Exercise 4: Messy Data

By Kristen Sosulski

Solve The Tasks In Order To Get Hands On The Concepts
What is the exercise about?

The exercise presents few tasks based on Data Management. Solve these 4 tasks that will not only brush up your concepts but also it will give you practical exposure on dealing with messy data using R. All the best!

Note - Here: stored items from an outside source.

(* For every $n\ge1$, $$\sum_{e\in\mathbf I_n(021)}t^{\mathrm{asc}(e)}=\sum_{k=0}^{\lfloor (n-1)/2\rfloor}\big|\widetilde{\mathbf I}_{n,k}(021)\big|\,t^k(1+t)^{n-1-2k}.$$
   Context: $\mathbf I_n=\{(e_1,\dots,e_n):0\le e_i\le i-1\}$; $\mathbf I_n(021)$ is the set of $e\in\mathbf I_n$ with no $i<j<k$ such that $e_i<e_k<e_j$. $\mathrm{ASC}(e)=\{i\in[n-1]:e_i<e_{i+1}\}$, $\mathrm{asc}(e)=|\mathrm{ASC}(e)|$. An index $i\in[n-2]$ is a double ascent of $e$ if $\{i,i+1\}\subseteq\mathrm{ASC}(e)$. $\widetilde{\mathbf I}_{n,k}(021)=\{e\in\mathbf I_n(021):\mathrm{asc}(e)=k,\ e\text{ has no double ascents, and } e_{n-1}\ge e_n\}$ (for $n=1$ the last condition is vacuous). *)

theory Defs
  imports Main "HOL-Computational_Algebra.Polynomial"
begin

(* An inversion sequence e = (e_1,...,e_n) is represented as a list of length n,
   with e_i = e ! (i - 1) (1-based entries). *)

definition inv_seqs :: "nat \<Rightarrow> nat list set" where
  "inv_seqs n = {e. length e = n \<and> (\<forall>i\<in>{1..n}. e ! (i - 1) \<le> i - 1)}"

definition avoids021 :: "nat list \<Rightarrow> bool" where
  "avoids021 e = (\<not> (\<exists>i j k. 1 \<le> i \<and> i < j \<and> j < k \<and> k \<le> length e \<and>
      e ! (i - 1) < e ! (k - 1) \<and> e ! (k - 1) < e ! (j - 1)))"

definition I021 :: "nat \<Rightarrow> nat list set" where
  "I021 n = {e \<in> inv_seqs n. avoids021 e}"

definition ASC :: "nat list \<Rightarrow> nat set" where
  "ASC e = {i \<in> {1..length e - 1}. e ! (i - 1) < e ! i}"

definition asc :: "nat list \<Rightarrow> nat" where
  "asc e = card (ASC e)"

definition no_double_ascent :: "nat list \<Rightarrow> bool" where
  "no_double_ascent e = (\<forall>i\<in>{1..length e - 2}. \<not> ({i, i + 1} \<subseteq> ASC e))"

(* \<tilde>I_{n,k}(021); for n = 1 the condition e_{n-1} \<ge> e_n is vacuous *)
definition I021_tilde :: "nat \<Rightarrow> nat \<Rightarrow> nat list set" where
  "I021_tilde n k = {e \<in> I021 n. asc e = k \<and> no_double_ascent e \<and>
      (n \<ge> 2 \<longrightarrow> e ! (n - 2) \<ge> e ! (n - 1))}"

end

theory Submission
  imports Defs
begin

text \<open>
  A 021-avoiding inversion sequence starts with \<open>0\<close>, and each of its positive entries is at least
  as large as all earlier entries. Either \<open>e\<^sub>2 = 0\<close> and the leading \<open>0\<close> can be removed, or
  cutting the sequence at the last position \<open>i \<ge> 2\<close> where \<open>e\<^sub>i\<close> takes its largest admissible
  value \<open>i - 1\<close> splits it into two shorter sequences of the same kind (the right one with its
  positive values shifted up), and its ascent word splits as \<open>u @ True # False # w\<close>. Hence the
  ascent polynomials obey a recurrence that depends on the weight \<open>t ^ k\<close> of a word with \<open>k\<close>
  ascents only through its behaviour under prepending a descent, inserting \<open>True # False\<close>, and
  appending a final ascent. The gamma weight \<open>t ^ k * (1 + t) ^ (l - 2 * k)\<close> of words of length
  \<open>l\<close> with isolated ascents not ending in an ascent (and \<open>0\<close> for all other words) leads to a
  recurrence that differs only by a redistribution of terms, so by induction the two generating
  functions agree; grouping the gamma weights by \<open>k\<close> gives the formula.
\<close>

section \<open>Ascent words\<close>

fun ascent_word :: "nat list \<Rightarrow> bool list" where
  "ascent_word (x # y # r) = (x < y) # ascent_word (y # r)"
| "ascent_word _ = []"

lemma length_ascent_word: "length (ascent_word e) = length e - 1"
  by (induction e rule: ascent_word.induct) auto

lemma nth_ascent_word: "Suc i < length e \<Longrightarrow> ascent_word e ! i = (e ! i < e ! Suc i)"
proof (induction e arbitrary: i rule: ascent_word.induct)
  case (1 x y r) then show ?case by (cases i) auto
qed auto

lemma ascent_word_append:
  "xs \<noteq> [] \<Longrightarrow> ascent_word (xs @ y # ys) = ascent_word xs @ (last xs < y) # ascent_word (y # ys)"
  by (induction xs rule: ascent_word.induct) auto

lemma ascent_word_map:
  assumes "\<And>x y. f x < f y \<longleftrightarrow> x < y"
  shows "ascent_word (map f e) = ascent_word e"
  by (induction e rule: ascent_word.induct) (auto simp: assms)

lemma ASC_eq_image_Suc: "ASC e = Suc ` {i. i < length (ascent_word e) \<and> ascent_word e ! i}"
proof -
  have "ASC e = Suc ` {i. Suc i < length e \<and> e ! i < e ! Suc i}"
  proof (intro set_eqI iffI)
    fix i assume "i \<in> ASC e"
    then show "i \<in> Suc ` {i. Suc i < length e \<and> e ! i < e ! Suc i}"
      by (auto simp: ASC_def intro!: image_eqI[of _ _ "i - 1"])
  qed (auto simp: ASC_def)
  then show ?thesis by (auto simp: length_ascent_word nth_ascent_word)
qed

Task 1: Getting to know the data

a. Import the data named “summer_winter_olympics.csv”
b. View the data
c. Look at columns name
d. Look at dimensions of data (rows and columns)

Task 2: Dealing with Data

a. Look at the column names and change names to more meaningful names
b. The data represent, in order:
1. Country
2. Number of summer games played, gold, silver, bronze, total
3. Number of winter games played, gold, silver, bronze, total
4. Total (Winter + Summer) games, gold, silver, bronze, total

Task 3: Summary

a. Use table() to find frequency of total summer games played
b. Explore the data with other variables

Task 4: Graphs

a. Create histograms of summer games (total)
b. Create histogram of winter games (total)
c. Put above two histograms on one page
d.Create two histograms on one page: total summer, total winter medals won
e. Is there a correlation between number of medals given out in winter and summer? (do plot)
f. How about number of games each country competes in. Is there correlation between winter and summer?
g. Look at distribution of each of the types of medals, by season (6 histograms on one page)
h. Recreate g with different number of bins (10 instead of 20)
i. Explore data on your own